The stage-2 strategy affects the numerator. The two optimal B1's
are close enough to be considered the same.
________________________________________________________________
Unsubscribe & list info -- http://www.scruz.net/~luke/signup.htm
------------------------------
Date: Thu, 6 May 1999 18:10:14 -0400
From: "Ernst W. Mayer" <[EMAIL PROTECTED]>
Subject: Mersenne: Mlucas for DEC Alpha / Linux
Helmut Zeisel ([EMAIL PROTECTED]) writes:
>Can you please give me some information about
>your Mersenne code for a DEC Alpha running Linux?
The source is at ftp://nigel.mae.cwru.edu/pub/mayer/Mlucas_2.6.f90.gz;
the README file in the same directory tells how to use it.
>As I understand, it is Fortran 90.
>Do I need a Fortran 90 compiler
>to use it on a DEC Alpha chip under Linux
>or do you also have a binary distribution?

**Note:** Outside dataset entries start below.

definition v_elem :: "nat \<Rightarrow> grpring" where
  "v_elem m = (\<lambda>\<pi>. if \<pi> \<in> Tset m then (-1) ^ (inv \<pi> 1 - 1) else 0)"

definition factor :: "nat \<Rightarrow> nat \<Rightarrow> grpring" where
  "factor m i = gr_add (gr_one m) (gr_smult (- ((-1) ^ i)) (gr_basis m (tau i)))"

definition prod_factors :: "nat \<Rightarrow> grpring" where
  "prod_factors m = foldl (gr_mult m) (gr_one m) (map (factor m) [2..<m+1])"

end

theory Submission
  imports Defs
begin

text \<open>
  A permutation in \<open>\<T>\<^sub>m\<^sub>+\<^sub>1\<close> takes its maximum \<open>m + 1\<close> at position \<open>1\<close> or \<open>m + 1\<close>.
  If \<open>\<pi>(m + 1) = m + 1\<close> then \<open>\<pi> \<in> \<T>\<^sub>m\<close>; otherwise \<open>\<pi> \<circ> \<tau>\<^sub>m\<^sub>+\<^sub>1\<close> reverses the sequence,
  lies in \<open>\<T>\<^sub>m\<close>, and moves the position \<open>t\<close> of \<open>1\<close> to \<open>m + 2 - t\<close>. Hence the coefficients
  satisfy \<open>v\<^sub>m\<^sub>+\<^sub>1(\<pi>) = v\<^sub>m(\<pi>) + (-1)\<^sup>m v\<^sub>m(\<pi> \<circ> \<tau>\<^sub>m\<^sub>+\<^sub>1)\<close>, which is exactly the effect of
  right multiplication by \<open>1 - (-1)\<^sup>m\<^sup>+\<^sup>1 \<tau>\<^sub>m\<^sub>+\<^sub>1\<close>. Induction from \<open>v\<^sub>1 = 1\<close> gives the product.
\<close>

definition gr_supported :: "nat \<Rightarrow> grpring \<Rightarrow> bool" where
  "gr_supported m a \<longleftrightarrow> (\<forall>\<pi>. \<pi> \<notin> Sym m \<longrightarrow> a \<pi> = 0)"

definition gr_unit :: grpring where
  "gr_unit = (\<lambda>\<pi>. if \<pi> = id then 1 else 0)"

text \<open>The coefficient function of \<open>a (1 - (-1)\<^sup>i \<tau>\<^sub>i)\<close>, independent of the ambient \<open>m\<close>.\<close>
definition times_factor :: "nat \<Rightarrow> grpring \<Rightarrow> grpring" where
  "times_factor i a = (\<lambda>\<pi>. a \<pi> - (-1) ^ i * a (\<pi> \<circ> tau i))"

lemma finite_Sym: "finite (Sym m)"
  unfolding Sym_def using finite_permutations[of "{1..m}"] by simp

lemma id_in_Sym: "id \<in> Sym m"
  unfolding Sym_def by simp

lemma comp_in_Sym: "\<sigma> \<in> Sym m \<Longrightarrow> \<tau> \<in> Sym m \<Longrightarrow> \<sigma> \<circ> \<tau> \<in> Sym m"
  unfolding Sym_def by (simp add: permutes_compose)

lemma gr_one_eq_gr_unit: "gr_one m = gr_unit"
  unfolding gr_one_def gr_basis_def gr_unit_def using id_in_Sym by auto

lemma gr_supported_gr_unit: "gr_supported m gr_unit"
  unfolding gr_supported_def gr_unit_def using id_in_Sym by auto

lemma gr_mult_gr_add_right:
  "gr_mult m a (gr_add b c) = gr_add (gr_mult m a b) (gr_mult m a c)"
  unfolding gr_mult_def gr_add_def
  by (simp add: distrib_left if_distrib[of "\<lambda>x. x + _"] sum.distrib[symmetric] cong: if_cong)

lemma gr_mult_gr_smult_right: "gr_mult m a (gr_smult c b) = gr_smult c (gr_mult m a b)"
  unfolding gr_mult_def gr_smult_def
  by (simp add: sum_distrib_left if_distrib[of "(*) c"] mult.left_commute cong: if_cong)

lemma gr_mult_basis_right:
  assumes "gr_supported m a" "g \<in> Sym m"
  shows "gr_mult m a (gr_basis m g) = (\<lambda>\<pi>. a (\<pi> \<circ> inv g))"
proof
  fix \<pi>
  have "bij g" using assms(2) by (simp add: Sym_def permutes_bij)
  then have comp_eq: "\<sigma> \<circ> g = \<pi> \<longleftrightarrow> \<sigma> = \<pi> \<circ> inv g" for \<sigma> :: "nat \<Rightarrow> nat"
    by (metis bij_is_inj bij_is_surj comp_assoc comp_id inv_o_cancel surj_iff)
  have "gr_mult m a (gr_basis m g) \<pi> =
      (\<Sum>\<sigma>\<in>Sym m. \<Sum>\<tau>\<in>Sym m. if \<tau> = g then (if \<sigma> \<circ> g = \<pi> then a \<sigma> else 0) else 0)"
    unfolding gr_mult_def gr_basis_def using assms(2) by (intro sum.cong refl) auto
  also have "\<dots> = (\<Sum>\<sigma>\<in>Sym m. if \<sigma> = \<pi> \<circ> inv g then a \<sigma> else 0)"
    using assms(2) finite_Sym by (simp add: comp_eq)
  also have "\<dots> = a (\<pi> \<circ> inv g)"
    using finite_Sym assms(1) unfolding gr_supported_def by auto
  finally show "gr_mult m a (gr_basis m g) \<pi> = a (\<pi> \<circ> inv g)" .
qed

lemma tau_tau [simp]: "tau i (tau i j) = j"
  unfolding tau_def by auto

lemma tau_comp_tau [simp]: "\<pi> \<circ> tau i \<circ> tau i = \<pi>"
  by (simp add: fun_eq_iff)

lemma tau_permutes: "tau i permutes {1..i}"
  unfolding permutes_def by (metis atLeastAtMost_iff tau_def tau_tau)

lemma inv_tau: "inv (tau i) = tau i"
  by (rule inv_unique_comp) (auto simp: fun_eq_iff)

lemma tau_in_Sym: "i \<le> m \<Longrightarrow> tau i \<in> Sym m"
  unfolding Sym_def using permutes_subset[OF tau_permutes] by simp

lemma gr_mult_factor:
  assumes "gr_supported m a" "i \<le> m"
  shows "gr_mult m a (factor m i) = times_factor i a"
  using gr_mult_basis_right[OF assms(1) id_in_Sym] gr_mult_basis_right[OF assms(1) tau_in_Sym[OF assms(2)]]
  unfolding factor_def gr_mult_gr_add_right gr_mult_gr_smult_right gr_one_def
  by (simp add: times_factor_def gr_add_def gr_smult_def inv_tau)

lemma gr_supported_times_factor:
  assumes "gr_supported m a" "i \<le> m"
  shows "gr_supported m (times_factor i a)"
  unfolding gr_supported_def times_factor_def
proof (intro allI impI)
  fix \<pi> assume \<pi>: "\<pi> \<notin> Sym m"
  have "\<pi> \<circ> tau i \<notin> Sym m"
    using comp_in_Sym[OF _ tau_in_Sym[OF assms(2)], of "\<pi> \<circ> tau i"] \<pi> by auto
  then show "a \<pi> - (-1) ^ i * a (\<pi> \<circ> tau i) = 0"
    using \<pi> assms(1) unfolding gr_supported_def by simp
qed

lemma foldl_gr_mult_factor:
  "gr_supported m a \<Longrightarrow> set is \<subseteq> {..m} \<Longrightarrow>
   foldl (gr_mult m) a (map (factor m) is) = foldl (\<lambda>a i. times_factor i a) a is"
proof (induction "is" arbitrary: a)
  case (Cons i "is")
  then show ?case by (simp add: gr_mult_factor gr_supported_times_factor)
qed simp

lemma prod_factors_eq_foldl: "prod_factors m = foldl (\<lambda>a i. times_factor i a) gr_unit [2..<m+1]"
  unfolding prod_factors_def gr_one_eq_gr_unit
  by (rule foldl_gr_mult_factor[OF gr_supported_gr_unit]) auto

lemma TsetE:
  assumes "\<sigma> \<in> Tset n"
  obtains t where "t \<in> {1..n}" "\<sigma> t = 1" "inv \<sigma> 1 = t" "\<sigma> permutes {1..n}"
    "\<And>j. 1 \<le> j \<Longrightarrow> j < t \<Longrightarrow> \<sigma> j > \<sigma> (j + 1)"
    "\<And>j. t \<le> j \<Longrightarrow> j < n \<Longrightarrow> \<sigma> j < \<sigma> (j + 1)"
proof -
  from assms obtain t where t: "t \<in> {1..n}" "\<sigma> t = 1" "\<sigma> permutes {1..n}"
      "\<forall>j. 1 \<le> j \<and> j < t \<longrightarrow> \<sigma> j > \<sigma> (j + 1)"
      "\<forall>j. t \<le> j \<and> j < n \<longrightarrow> \<sigma> j < \<sigma> (j + 1)"
    unfolding Tset_def Sym_def by blast
  moreover have "inv \<sigma> 1 = t" using permutes_inv_eq[OF t(3)] t(2) by simp
  ultimately show ?thesis using that by blast
qed

lemma TsetI:
  assumes "\<sigma> permutes {1..n}" "t \<in> {1..n}" "\<sigma> t = 1"
    "\<And>j. 1 \<le> j \<Longrightarrow> j < t \<Longrightarrow> \<sigma> j > \<sigma> (j + 1)"
    "\<And>j. t \<le> j \<Longrightarrow> j < n \<Longrightarrow> \<sigma> j < \<sigma> (j + 1)"
  shows "\<sigma> \<in> Tset n"
  unfolding Tset_def Sym_def using assms by blast

lemma Tset_permutes: "\<sigma> \<in> Tset n \<Longrightarrow> \<sigma> permutes {1..n}"
  unfolding Tset_def Sym_def by simp

lemma Tset_one: "Tset 1 = {id}"
proof -
  have "Tset 1 \<subseteq> {id}" unfolding Tset_def Sym_def by auto
  moreover have "id \<in> Tset 1" by (rule TsetI[of _ 1 1]) auto
  ultimately show ?thesis by blast
qed

lemma Tset_imp_Tset_Suc:
  assumes "\<sigma> \<in> Tset m"
  shows "\<sigma> \<in> Tset (Suc m)"
proof -
  obtain t where t: "t \<in> {1..m}" "\<sigma> t = 1" "\<sigma> permutes {1..m}"
    "\<And>j. 1 \<le> j \<Longrightarrow> j < t \<Longrightarrow> \<sigma> j > \<sigma> (j + 1)"
    "\<And>j. t \<le> j \<Longrightarrow> j < m \<Longrightarrow> \<sigma> j < \<sigma> (j + 1)"
    using TsetE[OF assms] by metis
  have last: "\<sigma> m < \<sigma> (Suc m)"
    using t(1) permutes_in_image[OF t(3), of m] permutes_not_in[OF t(3), of "Suc m"] by simp
  show ?thesis
  proof (rule TsetI[of _ _ t])
    show "\<sigma> permutes {1..Suc m}" using permutes_subset[OF t(3)] by simp
    show "\<And>j. t \<le> j \<Longrightarrow> j < Suc m \<Longrightarrow> \<sigma> j < \<sigma> (j + 1)"
      using t(5) last by (metis Suc_eq_plus1 less_Suc_eq)
  qed (use t in auto)
qed

lemma Tset_Suc_imp_Tset:
  assumes "\<pi> \<in> Tset (Suc m)" "\<pi> (Suc m) = Suc m" "m \<ge> 1"
  shows "\<pi> \<in> Tset m"
proof -
  obtain t where t: "t \<in> {1..Suc m}" "\<pi> t = 1" "\<pi> permutes {1..Suc m}"
    "\<And>j. 1 \<le> j \<Longrightarrow> j < t \<Longrightarrow> \<pi> j > \<pi> (j + 1)"
    "\<And>j. t \<le> j \<Longrightarrow> j < Suc m \<Longrightarrow> \<pi> j < \<pi> (j + 1)"
    using TsetE[OF assms(1)] by metis
  have "\<pi> permutes {1..m}"
    by (rule permutes_superset[OF t(3)]) (use assms(2) in \<open>auto simp: le_Suc_eq\<close>)
  moreover have "t \<in> {1..m}" using t(1,2) assms(2,3) by (auto simp: le_Suc_eq)
  ultimately show ?thesis
    by (rule TsetI) (use t in simp_all)
qed

text \<open>Right composition with \<open>\<tau>\<^sub>n\<close> reverses the sequence \<open>\<sigma>(1), \<dots>, \<sigma>(n)\<close>.\<close>
lemma Tset_comp_tau:
  assumes "\<sigma> \<in> Tset n"
  shows "\<sigma> \<circ> tau n \<in> Tset n"
proof -
  obtain t where t: "t \<in> {1..n}" "\<sigma> t = 1" "\<sigma> permutes {1..n}"
    "\<And>j. 1 \<le> j \<Longrightarrow> j < t \<Longrightarrow> \<sigma> j > \<sigma> (j + 1)"
    "\<And>j. t \<le> j \<Longrightarrow> j < n \<Longrightarrow> \<sigma> j < \<sigma> (j + 1)"
    using TsetE[OF assms] by metis
  have tau_eq: "1 \<le> j \<Longrightarrow> j \<le> n \<Longrightarrow> tau n j = n + 1 - j" for j
    unfolding tau_def by auto
  show ?thesis
  proof (rule TsetI[of _ _ "n + 1 - t"])
    show "\<sigma> \<circ> tau n permutes {1..n}" using permutes_compose[OF tau_permutes t(3)] .
    show "n + 1 - t \<in> {1..n}" "(\<sigma> \<circ> tau n) (n + 1 - t) = 1"
      using t(1,2) tau_eq[of "n + 1 - t"] by auto
  next
    fix j assume j: "1 \<le> j" "j < n + 1 - t"
    then have "\<sigma> (n - j) < \<sigma> (n - j + 1)" "n - j + 1 = n + 1 - j"
      using t(4,5)[of "n - j"] t(1) by auto
    then show "(\<sigma> \<circ> tau n) j > (\<sigma> \<circ> tau n) (j + 1)"
      using j t(1) tau_eq[of j] tau_eq[of "j + 1"] by auto
  next
    fix j assume j: "n + 1 - t \<le> j" "j < n"
    then have "\<sigma> (n - j) > \<sigma> (n - j + 1)" "n - j + 1 = n + 1 - j"
      using t(4)[of "n - j"] t(1) by auto
    then show "(\<sigma> \<circ> tau n) j < (\<sigma> \<circ> tau n) (j + 1)"
      using j t(1) tau_eq[of j] tau_eq[of "j + 1"] by auto
  qed
qed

Thanks to my SPEC98 contacts at DEC, er, Compaq, as of today I have a
Linux executable, compiled using a pre-beta version of their soon-to-be-
released F90 compiler for Alpha/Linux. This is in
ftp://nigel.mae.cwru.edu/pub/mayer/bin/ALPHA_LINUX/Mlucas_2_6X.gem4494u_linux.exe.gz;
once you have it, use gunzip or gzip -d to uncompress it. Note that it's
a pretty big file (618KB gzipped, 2MB uncompressed) because it consists
of the basic executable bundled together with all the run-time library (RTL)
files it needs to run. Please make sure to run the self-tests described in
the README file.
At this point, I must insert a word from my sponsors:
* * * * * *
Compaq Computer Corporation has said that it will release a Fortran
compiler for Alpha Linux during 1999. (See
http://www.compaq.com/newsroom/pr/1999/pr060499a.html for the press
release.) MLucas V2.6 has been compiled with a pre-beta version of this
compiler. The executable is available for users of Alpha Linux systems,
with the following conditions:
1) This text must be included with all distributions of the
executable and prominently displayed at download locations.
2) Please understand that the compiler is pre-beta. While we do not
know of any bugs that would affect the correct execution of
MLucas, surprises are certainly possible.
3) If you do encounter any surprises, please send a complete
description of the circumstances to the author of MLucas,
Ernst Mayer, [EMAIL PROTECTED] , including information
about your Linux environment (e.g. which software distribution)
and information about your hardware (exact model number as
printed on the back of the case would be very helpful).
4) Usage must be summarized to the author. Whether you have any
surprises or not, please drop a line to [EMAIL PROTECTED]
to let us know how things work out.
* * * * * *
I have only Unix on my Alphas, so have been unable to do timings myself,
but the folks at DEC, er, Compaq assure me it's about the same speed as
the Unix version compiled with the native compiler.
>Do you have any numbers how fast it runs
>compared to George Woltran's MPrime on
>an Intel chip?
Under DEC Unix, it's 1.5-2 times slower than George's Prime95
at the same clock speed. On SGI (for which executables are also available),
it's about equal at the same clock speed.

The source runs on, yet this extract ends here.